**Your objective:** In the records, each line holding "unfolding" must be reported.

**Records shown:**

lemma nonsingular_faithful_right_ideal:
  assumes Y: "rmodule A Y" and ns: "nonsingular A Y" and x: "x \<in> mcarrier Y" "x \<noteq> mzero Y"
  shows "\<exists>B. right_ideal A B \<and> B \<noteq> {\<zero>\<^bsub>A\<^esub>} \<and> (\<forall>c\<in>B. mact Y x c = mzero Y \<longrightarrow> c = \<zero>\<^bsub>A\<^esub>)"
proof -
  interpret Y: rmod A Y by (rule rmod.intro) fact
  interpret R: rmod A "regular_rmodule A"
    by (rule rmod.intro, rule rmodule_regular_rmodule, rule Y.A.ring_axioms)
  let ?ann = "{a \<in> carrier A. mact Y x a = mzero Y}"
  have "submodule A (regular_rmodule A) ?ann"
    using submodule_preimage[OF R.rmodule Y R.submodule_mcarrier[simplified] subset_refl
        Y.rhom_mact_elem[OF x(1)] Y.submodule_zero_module] by simp
  moreover have "\<not> essential_in A (regular_rmodule A) ?ann (carrier A)"
    using ns x unfolding nonsingular_def by blast
  ultimately obtain W where W: "submodule A (regular_rmodule A) W" "W \<noteq> {\<zero>\<^bsub>A\<^esub>}" "W \<inter> ?ann = {\<zero>\<^bsub>A\<^esub>}"
    unfolding essential_in_def using R.submodule_mcarrier by auto
  then have "\<forall>c\<in>W. mact Y x c = mzero Y \<longrightarrow> c = \<zero>\<^bsub>A\<^esub>"
    using R.submodule_subset by auto
  then show ?thesis
    using W unfolding right_ideal_def by blast
qed

lemma ex_uniform_submodule:
  fixes A :: "('r, 'b) ring_scheme" and Y :: "('m, 'r) rmodule"
  assumes sp: "semiprime A" and nid: "no_infinite_direct_sum_of_ideals A"
    and Y: "rmodule A Y" and ns: "nonsingular A Y"
    and no_hom: "disjoint_submodules_hom_zero A Y"
    and nonzero: "mcarrier Y \<noteq> {mzero Y}"
  shows "\<exists>U. submodule A Y U \<and> uniform A Y U"
proof (rule ccontr)
  assume no_uniform: "\<nexists>U. submodule A Y U \<and> uniform A Y U"
  interpret Y: rmod A Y by (rule rmod.intro) fact
  obtain U :: "nat \<Rightarrow> 'm set" where U: "\<And>n. submodule A Y (U n)" "\<And>n. U n \<noteq> {mzero Y}"
    and disjoint: "\<And>m n. m \<noteq> n \<Longrightarrow> U m \<inter> U n = {mzero Y}"
    using Y.ex_disjoint_submodules_if_no_uniform[OF nonzero no_uniform] by metis
  have "\<forall>n. \<exists>x. x \<in> U n \<and> x \<noteq> mzero Y"
    using Y.submodule_nonzero_elem[OF U(1) U(2)] by blast
  then obtain x where x: "\<And>n. x n \<in> U n" "\<And>n. x n \<noteq> mzero Y"
    by metis
  have "\<forall>n. \<exists>B. right_ideal A B \<and> B \<noteq> {\<zero>\<^bsub>A\<^esub>} \<and> (\<forall>c\<in>B. mact Y (x n) c = mzero Y \<longrightarrow> c = \<zero>\<^bsub>A\<^esub>)"
    using nonsingular_faithful_right_ideal[OF Y ns] x Y.submodule_subset[OF U(1)] by blast
  then obtain B where B: "\<And>n. right_ideal A (B n)" "\<And>n. B n \<noteq> {\<zero>\<^bsub>A\<^esub>}"
    and faithful: "\<And>n. \<forall>c\<in>B n. mact Y (x n) c = mzero Y \<longrightarrow> c = \<zero>\<^bsub>A\<^esub>"
    by metis
  have BA: "B n \<subseteq> carrier A" and B0: "\<zero>\<^bsub>A\<^esub> \<in> B n" for n
    using B(1) unfolding right_ideal_def submodule_def by auto
  define I where "I n = genideal A (B n)" for n
  have I: "ideal (I n) A" for n
    unfolding I_def using Y.A.genideal_ideal[OF BA] .
  have orth: "p \<otimes>\<^bsub>A\<^esub> q = \<zero>\<^bsub>A\<^esub>" if "m \<noteq> n" "p \<in> I m" "q \<in> I n" for m n p q
  proof (rule Y.A.genideal_mult_zero[OF BA BA])
    show "p \<in> genideal A (B m)" "q \<in> genideal A (B n)"
      using that(2,3) unfolding I_def .
    fix b' a b assume "b' \<in> B m" "a \<in> carrier A" "b \<in> B n"
    then show "b' \<otimes>\<^bsub>A\<^esub> a \<otimes>\<^bsub>A\<^esub> b = \<zero>\<^bsub>A\<^esub>"
      using Y.right_ideals_orthogonal_if_no_hom[OF no_hom U(1) U(1) disjoint[OF that(1)[symmetric]] x(1) x(1)
          B(1) faithful B(1) faithful] by blast
  qed
  have nonzero_I: "I n \<noteq> {\<zero>\<^bsub>A\<^esub>}" for n
    using Y.A.genideal_self[OF BA[of n]] B(2)[of n] B0[of n] unfolding I_def by blast
  have "\<not> no_infinite_direct_sum_of_ideals A"
  proof (rule semiprime_orthogonal_sequence[OF sp])
    show "ideal (I n) A" "I n \<noteq> {\<zero>\<^bsub>A\<^esub>}" for n
      using I nonzero_I .
    show "p \<otimes>\<^bsub>A\<^esub> q = \<zero>\<^bsub>A\<^esub>" if "m \<noteq> n" "p \<in> I m" "q \<in> I n" for m n p q
      using that by (rule orth)
  qed
  then show False
    using nid by blast
qed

**Your response:**
    using ns x unfolding nonsingular_def by blast
    unfolding essential_in_def using R.submodule_mcarrier by auto
    using W unfolding right_ideal_def by blast
    using B(1) unfolding right_ideal_def submodule_def by auto
    unfolding I_def using Y.A.genideal_ideal[OF BA] .
      using that(2,3) unfolding I_def .
    using Y.A.genideal_self[OF BA[of n]] B(2)[of n] B0[of n] unfolding I_def by blast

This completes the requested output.